En attendant, il recommande de faire un entraînement olfactif au moins deux fois par jour. Une routine que Julie Bouchard tente d’intégrer dans la vie d’Arthur. Elle lui fait sentir différents aliments pour exercer ses neurones olfactifs.

Mais la maman d’Arthur espère davantage.
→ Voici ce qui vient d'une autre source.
(* Let $\sigma,\tau\in S_n$ be almost similar permutations of order $m$, and let $\mathrm{fix}(\sigma)$ denote the number of fixed points of $\sigma$. Then: (1) if $\mathrm{fix}(\sigma)=\mathrm{fix}(\tau)$, then $\sigma$ and $\tau$ are conjugate in $S_n$; (2) for every prime $p$ dividing $m$, $p$ divides $\mathrm{fix}(\sigma)-\mathrm{fix}(\tau)$.
   Context: Two permutations $\sigma,\tau\in S_n$ are called almost similar if they have the same order $m$ and for every divisor $k\neq1$ of $m$, $\sigma^k$ and $\tau^k$ are conjugate in $S_n$. *)

theory Defs
  imports "HOL-Combinatorics.Permutations" "HOL-Computational_Algebra.Primes"
begin

text \<open>S_n is modelled as the permutations of {..<n} (functions that permute {..<n}
and are the identity elsewhere).\<close>

definition perm_order :: "(nat \<Rightarrow> nat) \<Rightarrow> nat" where
  "perm_order \<sigma> = (LEAST m. 0 < m \<and> (\<sigma> ^^ m) = id)"

definition conj_in_Sn :: "nat \<Rightarrow> (nat \<Rightarrow> nat) \<Rightarrow> (nat \<Rightarrow> nat) \<Rightarrow> bool" where
  "conj_in_Sn n \<sigma> \<tau> \<longleftrightarrow> (\<exists>\<rho>. \<rho> permutes {..<n} \<and> \<tau> = \<rho> \<circ> \<sigma> \<circ> inv \<rho>)"

definition almost_similar :: "nat \<Rightarrow> (nat \<Rightarrow> nat) \<Rightarrow> (nat \<Rightarrow> nat) \<Rightarrow> bool" where
  "almost_similar n \<sigma> \<tau> \<longleftrightarrow>
     perm_order \<sigma> = perm_order \<tau> \<and>
     (\<forall>k. k dvd perm_order \<sigma> \<and> k \<noteq> 1 \<longrightarrow> conj_in_Sn n (\<sigma> ^^ k) (\<tau> ^^ k))"
lemma partial_trace_B_spectral:
  assumes "unit_state dA dB psi"
  obtains Q d z where "unitary_mat dA Q"
    and "partial_trace_B dA dB psi = Q * mat_diag dA (\<lambda>k. of_real (d k)) * mat_adjoint Q"
    and "\<And>k. k < dA \<Longrightarrow> 0 \<le> d k" and "(\<Sum>k<dA. d k) = 1" and "z \<le> dA"
    and "\<And>k. k < dA \<Longrightarrow> 0 < d k \<longleftrightarrow> k < z" and "schmidt_rank dA dB psi = z"
proof -
  obtain Q d z where Q: "unitary_mat dA Q"
    and R: "partial_trace_B dA dB psi = Q * mat_diag dA (\<lambda>k. of_real (d k)) * mat_adjoint Q"
    and d0: "\<And>k. k < dA \<Longrightarrow> 0 \<le> d k" and z: "z \<le> dA"
    and support: "\<And>k. k < dA \<Longrightarrow> 0 < d k \<longleftrightarrow> k < z"
    unfolding partial_trace_B_eq_coeff_mat by (elim gram_mat_spectral[OF coeff_mat_carrier])
  have "(1 :: complex) = mat_trace (partial_trace_B dA dB psi)"
    using assms by (simp add: unit_state_def mat_trace_partial_trace_B)
  also have "\<dots> = (\<Sum>k<dA. of_real (d k))"
    unfolding R mat_trace_unitary_conjugate[OF Q mat_diag_dim] by (simp add: mat_trace_def mat_diag_def)
  finally have "(\<Sum>k<dA. d k) = 1" by (metis of_real_eq_1_iff of_real_sum)
  moreover have "schmidt_rank dA dB psi = z"
    using rank_unitary_conjugate_mat_diag[OF Q z, of "\<lambda>k. of_real (d k)"] support d0
    unfolding schmidt_rank_def R by (simp add: less_le)
  ultimately show thesis using that Q R d0 z support by blast
qed

section \<open>Convex combinations of unimodular numbers\<close>

lemma cmod_sum_convex_phases_sq_le:
  fixes s :: "nat \<Rightarrow> real" and t :: "nat \<Rightarrow> complex"
  assumes s0: "\<And>k. k < n \<Longrightarrow> 0 \<le> s k" and s1: "(\<Sum>k<n. s k) = 1"
    and t1: "\<And>k. k < n \<Longrightarrow> cmod (t k) = 1" and \<gamma>: "0 \<le> \<gamma>"
    and gap: "\<And>k k'. k < n \<Longrightarrow> k' < n \<Longrightarrow> t k \<noteq> t k' \<Longrightarrow> Re (t k * cnj (t k')) \<le> 1 - \<gamma>"
    and level: "\<And>k. k < n \<Longrightarrow> (\<Sum>k'<n. if t k' = t k then s k' else 0) \<le> 1 - \<delta>"
  shows "(cmod (\<Sum>k<n. of_real (s k) * t k))\<^sup>2 \<le> 1 - \<gamma> * \<delta>"
proof -
  define x where "x = (\<Sum>k<n. of_real (s k) * t k)"
  define same where "same k k' = (if t k' = t k then 1 else 0 :: real)" for k k'
  have "(cmod x)\<^sup>2 = Re (x * cnj x)" by (simp flip: complex_norm_square)
  also have "\<dots> = (\<Sum>k<n. \<Sum>k'<n. s k * s k' * Re (t k * cnj (t k')))"
    by (simp add: x_def cnj_sum sum_product Re_sum algebra_simps)
  also have "\<dots> \<le> (\<Sum>k<n. \<Sum>k'<n. s k * s k' * ((1 - \<gamma>) + \<gamma> * same k k'))"
  proof (intro sum_mono mult_left_mono)
    fix k k' assume "k \<in> {..<n}" "k' \<in> {..<n}"
    then show "0 \<le> s k * s k'" using s0 by simp
    have "Re (t k * cnj (t k)) = 1" using t1 \<open>k \<in> _\<close> by (simp flip: complex_norm_square)
    then show "Re (t k * cnj (t k')) \<le> (1 - \<gamma>) + \<gamma> * same k k'"
      using gap[of k k'] \<open>k \<in> _\<close> \<open>k' \<in> _\<close> by (auto simp: same_def)
  qed
  also have "\<dots> = (\<Sum>k<n. \<Sum>k'<n. (1 - \<gamma>) * (s k * s k')
      + \<gamma> * (s k * (if t k' = t k then s k' else 0)))"
    by (intro sum.cong refl) (simp add: same_def algebra_simps)
  also have "\<dots> = (1 - \<gamma>) * (\<Sum>k<n. s k) * (\<Sum>k'<n. s k')
      + \<gamma> * (\<Sum>k<n. s k * (\<Sum>k'<n. if t k' = t k then s k' else 0))"
    by (simp add: sum.distrib sum_distrib_left sum_product mult_ac)
  also have "\<dots> \<le> (1 - \<gamma>) + \<gamma> * (\<Sum>k<n. s k * (1 - \<delta>))"
    using s1 s0 level \<gamma> by (auto intro!: mult_left_mono sum_mono)
  also have "\<dots> = 1 - \<gamma> * \<delta>" by (simp add: s1 flip: sum_distrib_right) (simp add: algebra_simps)
  finally show ?thesis unfolding x_def .
qed
(* Let $\psi:\Omega_n\to\mathbb{R}$ be any function, and define $|\!|\!|x|\!|\!|_\psi:=\big(\sum_{i=1}^n\|x_i\|\big)\,\psi\big(\frac{\|x_1\|}{\sum_{i}\|x_i\|},\ldots,\frac{\|x_n\|}{\sum_{i}\|x_i\|}\big)$ for $x=(x_1,\ldots,x_n)\in X^n\setminus\{0_{X^n}\}$ and $|\!|\!|0_{X^n}|\!|\!|_\psi:=0$. (i) If $|\!|\!|\cdot|\!|\!|_\psi\in\mathbf{N}_{X^n}$, then $\psi\in\mathbf{\Psi}_n$. (ii) If $|\!|\!|\cdot|\!|\!|_\psi\in\mathbf{N}^{\rm sc}_{X^n}$, then $\psi\in\mathbf{\Psi}^{\rm sc}_n$ and the norm $\|\cdot\|$ is strictly convex.
   Context: Let $(X,\|\cdot\|)$ be a normed vector space, $n\ge2$. $\mathbf{N}_{X^n}$ is the family of norms $|\!|\!|\cdot|\!|\!|$ on $X^n$ satisfying (A1) $|\!|\!|(x_1,\ldots,x_n)|\!|\!|=|\!|\!|(\pm x_1,\ldots,\pm x_n)|\!|\!|$ for all $x\in X^n$ and all sign choices, and (A2) $|\!|\!|(0_X,\ldots,0_X,v,0_X,\ldots,0_X)|\!|\!|=\|v\|$ for all $v\in X$ in any $i$th position. $\mathbf{N}^{\rm sc}_{X^n}$ is its subclass of strictly convex norms. $\Omega_n:=\{t\in\mathbb{R}^n\mid t_i\ge0,\ \sum_i t_i=1\}$, $\Omega_n^\circ:=\{t\in\Omega_n\mid t_i<1\ \forall i\}$. $\mathbf{\Psi}_n$ is the class of convex continuous $\psi:\Omega_n\to\mathbb{R}$ with (B1) $\psi(\mathbf{e}_i)=1$ for all standard unit vectors $\mathbf{e}_i$ and (B2) $\psi(t)\ge(1-t_i)\psi\big(\frac{t_1}{1-t_i},\ldots,\frac{t_{i-1}}{1-t_i},0,\frac{t_{i+1}}{1-t_i},\ldots,\frac{t_n}{1-t_i}\big)$ for all $t\in\Omega_n^\circ$, $i=1,\ldots,n$; $\mathbf{\Psi}^{\rm sc}_n$ is its subclass of strictly convex functions. *)

theory Defs
  imports "HOL-Analysis.Analysis"
begin
(* Let $\mathsf{SafeInstance} \subseteq \mathbb{N}$ contain at least two elements. Then there is no metalanguage capturing the property $\psi(g)$: "$g$ halts on every input and outputs an element of $\mathsf{SafeInstance}$", i.e. $\psi(g) \leftrightarrow \forall x\,(\varphi_g(x)\downarrow \wedge \varphi_g(x) \in \mathsf{SafeInstance})$.
   Context: Programs (generators) are identified with natural numbers in a fixed universal programming language; $\varphi_g$ is the partial computable function computed by $g$ and $\varphi_g(x)\downarrow$ means $g$ halts on $x$. A metalanguage $L \subseteq \mathbb{N}$ captures a property $\psi$ if $L$ is decidable, every $g \in L$ satisfies $\psi$, and for every $g' \in \mathbb{N}$ satisfying $\psi$ there is $g \in L$ with $\varphi_g = \varphi_{g'}$. *)

theory Defs
  imports Main "HOL-Library.Nat_Bijection"
begin

text \<open>A fixed universal programming language: unary partial recursive functions
on nat, with arguments/results paired via the Cantor pairing prod_encode.\<close>

datatype recf =
    Zero
  | Succ
  | Left
  | Right
  | Comp recf recf
  | Pair recf recf
  | Prec recf recf
  | Mu recf

inductive eval :: "recf \<Rightarrow> nat \<Rightarrow> nat \<Rightarrow> bool" where
  eval_Zero: "eval Zero x 0"
| eval_Succ: "eval Succ x (Suc x)"
| eval_Left: "eval Left x (fst (prod_decode x))"
| eval_Right: "eval Right x (snd (prod_decode x))"
| eval_Comp: "eval g x y \<Longrightarrow> eval f y z \<Longrightarrow> eval (Comp f g) x z"
| eval_Pair: "eval f x y \<Longrightarrow> eval g x z \<Longrightarrow> eval (Pair f g) x (prod_encode (y, z))"
| eval_Prec0: "eval f y z \<Longrightarrow> eval (Prec f g) (prod_encode (0, y)) z"
| eval_PrecS: "eval (Prec f g) (prod_encode (n, y)) z \<Longrightarrow>
     eval g (prod_encode (prod_encode (n, y), z)) w \<Longrightarrow>
     eval (Prec f g) (prod_encode (Suc n, y)) w"
| eval_Mu: "eval f (prod_encode (n, x)) 0 \<Longrightarrow>
     (\<forall>i<n. \<exists>v. v \<noteq> 0 \<and> eval f (prod_encode (i, x)) v) \<Longrightarrow>
     eval (Mu f) x n"

lemma decode_fst_le: "fst (prod_decode m) \<le> m"
  by (metis le_prod_encode_1 prod.collapse prod_decode_inverse)
lemma decode_snd_le: "snd (prod_decode m) \<le> m"
  by (metis le_prod_encode_2 prod.collapse prod_decode_inverse)
function decode :: "nat \<Rightarrow> recf" where
  "decode n =
    (if n = 0 then Zero else if n = 1 then Succ else if n = 2 then Left
     else if n = 3 then Right
     else (let t = fst (prod_decode (n - 4)); r = snd (prod_decode (n - 4));
               a = fst (prod_decode r); b = snd (prod_decode r)
           in if t mod 4 = 0 then Comp (decode a) (decode b)
              else if t mod 4 = 1 then Pair (decode a) (decode b)
              else if t mod 4 = 2 then Prec (decode a) (decode b)
              else Mu (decode r)))"
  by auto
termination
  apply (relation "measure id")
  apply simp_all
  using decode_fst_le decode_snd_le le_less_trans le_trans
  by (metis diff_less zero_less_numeral not_gr_zero)+
lemma (in prob_space) indep_vars_four_regroup:
  fixes A X H Z :: "'a \<Rightarrow> real"
  assumes ind: "indep_vars (\<lambda>_. borel) (\<lambda>i. [A, X, H, Z] ! i) {0, 1, 2, 3 :: nat}"
  shows "indep_var (borel \<Otimes>\<^sub>M borel) (\<lambda>\<omega>. (A \<omega>, 0 :: real)) (borel \<Otimes>\<^sub>M borel) (\<lambda>\<omega>. (X \<omega>, Z \<omega> + d * H \<omega>))"
    and "indep_var borel X borel (\<lambda>\<omega>. Z \<omega> + d * H \<omega>)"
proof -
  have "indep_var (Pi\<^sub>M {0} (\<lambda>_. borel)) (\<lambda>\<omega>. restrict (\<lambda>i. ([A, X, H, Z] ! i) \<omega>) {0})
      (Pi\<^sub>M {1, 2, 3} (\<lambda>_. borel)) (\<lambda>\<omega>. restrict (\<lambda>i. ([A, X, H, Z] ! i) \<omega>) {1, 2, 3})"
    by (rule indep_var_restrict[OF ind]) auto
  from indep_var_compose[OF this, of "\<lambda>f. (f 0, 0)" "borel \<Otimes>\<^sub>M borel" "\<lambda>f. (f 1, f 3 + d * f 2)" "borel \<Otimes>\<^sub>M borel"]
  show "indep_var (borel \<Otimes>\<^sub>M borel) (\<lambda>\<omega>. (A \<omega>, 0 :: real)) (borel \<Otimes>\<^sub>M borel) (\<lambda>\<omega>. (X \<omega>, Z \<omega> + d * H \<omega>))"
    by (simp add: comp_def)
  have "indep_var (Pi\<^sub>M {1} (\<lambda>_. borel)) (\<lambda>\<omega>. restrict (\<lambda>i. ([A, X, H, Z] ! i) \<omega>) {1})
      (Pi\<^sub>M {2, 3} (\<lambda>_. borel)) (\<lambda>\<omega>. restrict (\<lambda>i. ([A, X, H, Z] ! i) \<omega>) {2, 3})"
    by (rule indep_var_restrict[OF ind]) auto
  from indep_var_compose[OF this, of "\<lambda>f. f 1" borel "\<lambda>f. f 3 + d * f 2" borel]
  show "indep_var borel X borel (\<lambda>\<omega>. Z \<omega> + d * H \<omega>)"
    by (simp add: comp_def)
qed

theorem mainTheorem2:
  fixes M :: "'a measure"
    and A E_X E_H E_Y :: "'a \<Rightarrow> real"
    and q b c d \<alpha> \<beta> \<mu>1 \<mu>2 \<sigma>EX \<sigma>E :: real
  assumes P: "prob_space M"
    and indep: "prob_space.indep_vars M (\<lambda>_. borel) (\<lambda>i. [A, E_X, E_H, E_Y] ! i) {0, 1, 2, 3 :: nat}"
    and A_density: "\<exists>f. distributed M lborel A f"
    and c_nz: "c \<noteq> 0"
    and qcbd_nz: "q * c + b * d \<noteq> 0"
    and beta_nz: "\<beta> \<noteq> 0"
    and sEX_pos: "\<sigma>EX > 0"
    and sE_pos: "\<sigma>E > 0"
    and EX_gauss: "distributed M lborel E_X (\<lambda>x. ennreal (normal_density \<mu>1 \<sigma>EX x))"
    and E_gauss: "distributed M lborel (\<lambda>\<omega>. E_Y \<omega> + d * E_H \<omega>)
                    (\<lambda>x. ennreal (normal_density \<mu>2 \<sigma>E x))"
  shows "cond_indep_given M
           (\<lambda>\<omega>. \<alpha> * A \<omega> + \<beta> * (q * A \<omega> + E_X \<omega>))
           A
           (\<lambda>\<omega>. c * (q * A \<omega> + E_X \<omega>) + d * (b * A \<omega> + E_H \<omega>) + E_Y \<omega>)
         \<longleftrightarrow> \<alpha> / \<beta> = (b * d * c * \<sigma>EX\<^sup>2 - q * \<sigma>E\<^sup>2) / (c\<^sup>2 * \<sigma>EX\<^sup>2 + \<sigma>E\<^sup>2)"
proof -
  interpret prob_space M by (rule P)
  define l where "l = c * \<sigma>EX\<^sup>2 / (c\<^sup>2 * \<sigma>EX\<^sup>2 + \<sigma>E\<^sup>2)"
  define k where "k = q * c + b * d"
  define \<gamma> where "\<gamma> = \<alpha> + \<beta> * q - \<beta> * l * k"
  have var_pos: "c\<^sup>2 * \<sigma>EX\<^sup>2 + \<sigma>E\<^sup>2 > 0" using sE_pos by (simp add: add_nonneg_pos)
  interpret gaussian_noise_model M A E_X "\<lambda>\<omega>. E_Y \<omega> + d * E_H \<omega>" \<mu>1 \<mu>2 \<sigma>EX \<sigma>E c l k \<beta> \<gamma>
    using indep_vars_four_regroup[OF indep] EX_gauss E_gauss sEX_pos sE_pos c_nz A_density beta_nz var_pos
    by unfold_locales (simp_all add: l_def)
  have "(\<lambda>\<omega>. c * (q * A \<omega> + E_X \<omega>) + d * (b * A \<omega> + E_H \<omega>) + E_Y \<omega>) = Y"
    unfolding Y_def[abs_def] S_def[abs_def] by (simp add: k_def algebra_simps)
  moreover have "(\<lambda>\<omega>. \<alpha> * A \<omega> + \<beta> * (q * A \<omega> + E_X \<omega>)) = Yhat"
    unfolding Yhat_def[abs_def] Y_def[abs_def] R_def[abs_def] S_def[abs_def]
    by (simp add: \<gamma>_def algebra_simps)
  moreover have "\<gamma> = 0 \<longleftrightarrow> \<alpha> / \<beta> = (b * d * c * \<sigma>EX\<^sup>2 - q * \<sigma>E\<^sup>2) / (c\<^sup>2 * \<sigma>EX\<^sup>2 + \<sigma>E\<^sup>2)"
    using beta_nz var_pos unfolding \<gamma>_def l_def k_def by (auto simp: field_simps power2_eq_square)
  ultimately show ?thesis using cond_indep_iff_\<gamma>_eq_0 by simp
qed
lemma eventually_Phi_penalized_min_less:
  assumes "\<delta> > 0"
  shows "eventually (\<lambda>l. \<Phi> (penalized_min l) < \<Phi> constrained_min + \<delta>) at_top"
proof -
  define c where "c = Inf (range ray_penalty)"
  have c_le: "c \<le> ray_penalty u" for u
    unfolding c_def ray_penalty_def
    by (rule cInf_lower) (auto intro!: bdd_belowI[of _ 0] sum_nonneg softplus_nonneg)
  obtain v where v: "ray_penalty v < c + \<delta> / 2"
    using cInf_lessD[of "range ray_penalty" "c + \<delta> / 2"] assms unfolding c_def by auto
  let ?y = "\<lambda>l. constrained_min + inverse l *\<^sub>R v"
  have "((\<lambda>l. \<Phi> (?y l)) \<longlongrightarrow> \<Phi> constrained_min) at_top"
    using tendsto_plus_inverse_scaleR_at_top
    by (rule continuous_on_tendsto_compose[OF Phi_continuous]) auto
  then have "((\<lambda>l. \<Phi> (?y l) + penalty l (?y l)) \<longlongrightarrow> \<Phi> constrained_min + ray_penalty v) at_top"
    using penalty_along_ray_tendsto by (rule tendsto_add)
  then have "eventually (\<lambda>l. \<Phi> (?y l) + penalty l (?y l) < \<Phi> constrained_min + ray_penalty v + \<delta> / 2) at_top"
    using assms by (intro order_tendstoD(2)) auto
  then show ?thesis
    using eventually_gt_at_top[of 0]
  proof eventually_elim
    case (elim l)
    have "\<Phi> (penalized_min l) + c \<le> \<Phi> (penalized_min l) + penalty l (penalized_min l)"
      using c_le ray_penalty_le_penalty[OF \<open>0 < l\<close>] by (meson add_left_mono order_trans)
    also have "\<dots> \<le> \<Phi> (?y l) + penalty l (?y l)"
      using \<open>0 < l\<close> by (intro penalized_min_le) simp
    finally show ?case
      using elim v by linarith
  qed
qed

theorem penalized_min_tendsto: "(penalized_min \<longlongrightarrow> constrained_min) at_top"
proof (rule asymptotically_optimal_tendsto[OF finite_I Phi_continuous h_continuous _ compact_Phi_sublevel])
  show "k = constrained_min" if "\<forall>m\<in>I. h m k \<le> 0" "\<Phi> k \<le> \<Phi> constrained_min" for k
    using that constrained_min_unique by (simp add: feasible_def)
  show "eventually (\<lambda>l. penalized_min l \<in> {z. \<Phi> z \<le> \<Phi> constrained_min + card I * ln 2}) at_top"
    using eventually_ge_at_top[of 0] by eventually_elim (simp add: Phi_penalized_min_le)
qed (use eventually_penalized_min_almost_feasible eventually_Phi_penalized_min_less in auto)

end

theorem proposition1:
  fixes f :: "real^'k^'j \<Rightarrow> real"
    and g w lam z\<^sub>t \<xi> :: "real^'k^'j"
    and \<rho> \<eta> :: real
    and M :: nat
    and h :: "nat \<Rightarrow> real^'k^'j \<Rightarrow> real"
    and W :: "(real^'k^'j) set"
    and \<Phi> :: "real^'k^'j \<Rightarrow> real"
  assumes f_convex: "convex_on UNIV f"
    and g_subgrad: "is_subgradient f z\<^sub>t g"
    and rho_pos: "\<rho> > 0" and eta_pos: "\<eta> > 0"
    and h_convex: "\<And>m. m \<in> {1..M} \<Longrightarrow> convex_on UNIV (h m)"
    and h_C2: "\<And>m. m \<in> {1..M} \<Longrightarrow> twice_cont_diff (h m)"
    and W_def: "W = {z. \<forall>m\<in>{1..M}. h m z \<le> 0}"
    and W_compact: "compact W" and W_convex: "convex W" and W_nonempty: "W \<noteq> {}"
    and Phi_def: "\<Phi> = (\<lambda>z. inner g z
        + \<rho> / 2 * (norm (w - z + (1 / \<rho>) *\<^sub>R (lam - \<xi>)))\<^sup>2
        + 1 / (2 * \<eta>) * (norm (z - z\<^sub>t))\<^sup>2)"
  shows "((\<lambda>l. argmin_on UNIV (\<lambda>z. \<Phi> z + (\<Sum>m=1..M. ln (1 + exp (l * h m z)))))
           \<longlongrightarrow> argmin_on W \<Phi>) at_top"
proof -
  obtain c p k where "c > 0" and Phi_quadratic: "\<Phi> = (\<lambda>z. c * (norm z)\<^sup>2 + inner p z + k)"
    using proximal_objective_quadratic[OF rho_pos eta_pos] unfolding Phi_def by blast
  interpret softplus_penalty \<Phi> h "{1..M}"
  proof
    show "continuous_on UNIV \<Phi>"
      unfolding Phi_quadratic by (intro continuous_intros)
    show "strictly_midpoint_convex \<Phi>"
      unfolding Phi_quadratic using \<open>c > 0\<close> by (rule strictly_midpoint_convex_quadratic)
    show "bounded {z. \<Phi> z \<le> B}" for B
      unfolding Phi_quadratic using \<open>c > 0\<close> by (rule bounded_sublevel_quadratic)
    show "h m differentiable (at x)" if "m \<in> {1..M}" for m x
      using h_C2[OF that] unfolding twice_cont_diff_def differentiable_def by blast
    show "{z. \<forall>m\<in>{1..M}. h m z \<le> 0} \<noteq> {}"
      using W_def W_nonempty by simp
  qed (use h_convex in auto)
  have "feasible = W"
    unfolding feasible_def W_def ..
  with penalized_min_tendsto show ?thesis
    unfolding penalized_min_def penalty_def softplus_def constrained_min_def by simp
qed

end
Elle se sent abandonnée par un système de santé qui ne lui offre aucun professionnel pour prendre en charge la rééducation olfactive de son garçon.

Le problème, c’est que si ce genre de service est rare pour les adultes, il est pratiquement inexistant pour les enfants, estime le docteur Frasnelli.

« Je peux comprendre la frustration et aussi l'angoisse de cette mère et j'espère qu'on va trouver des solutions. »

— Une citation de  Dr Yohannes Frasnelli

Il invite d’ailleurs les professionnels de la santé qui s’intéressent aux troubles de l’odorat et qui souhaiteraient démarrer une clinique spécialisée à le contacter.

Ça devrait s'inscrire dans une prise en charge interdisciplinaire avec des orthophonistes, des nutritionnistes, des cliniciens, des psychologues, neuropsychologues, qui devraient tous travailler ensemble pour aider ces patients-là, dit-il.

D’ici à ce qu’Arthur retrouve l’odorat, son alimentation est principalement constituée de barres repas au chocolat et de boissons protéinées. Les soupers familiaux autour de la table se font de plus en plus rares.

C'est dur d'aimer ce qu'on mange quand ton enfant assis en face de toi, lui, il a sa barre repas. On se sent coupable de dire que c'est bon, lance la maman, la gorge serrée.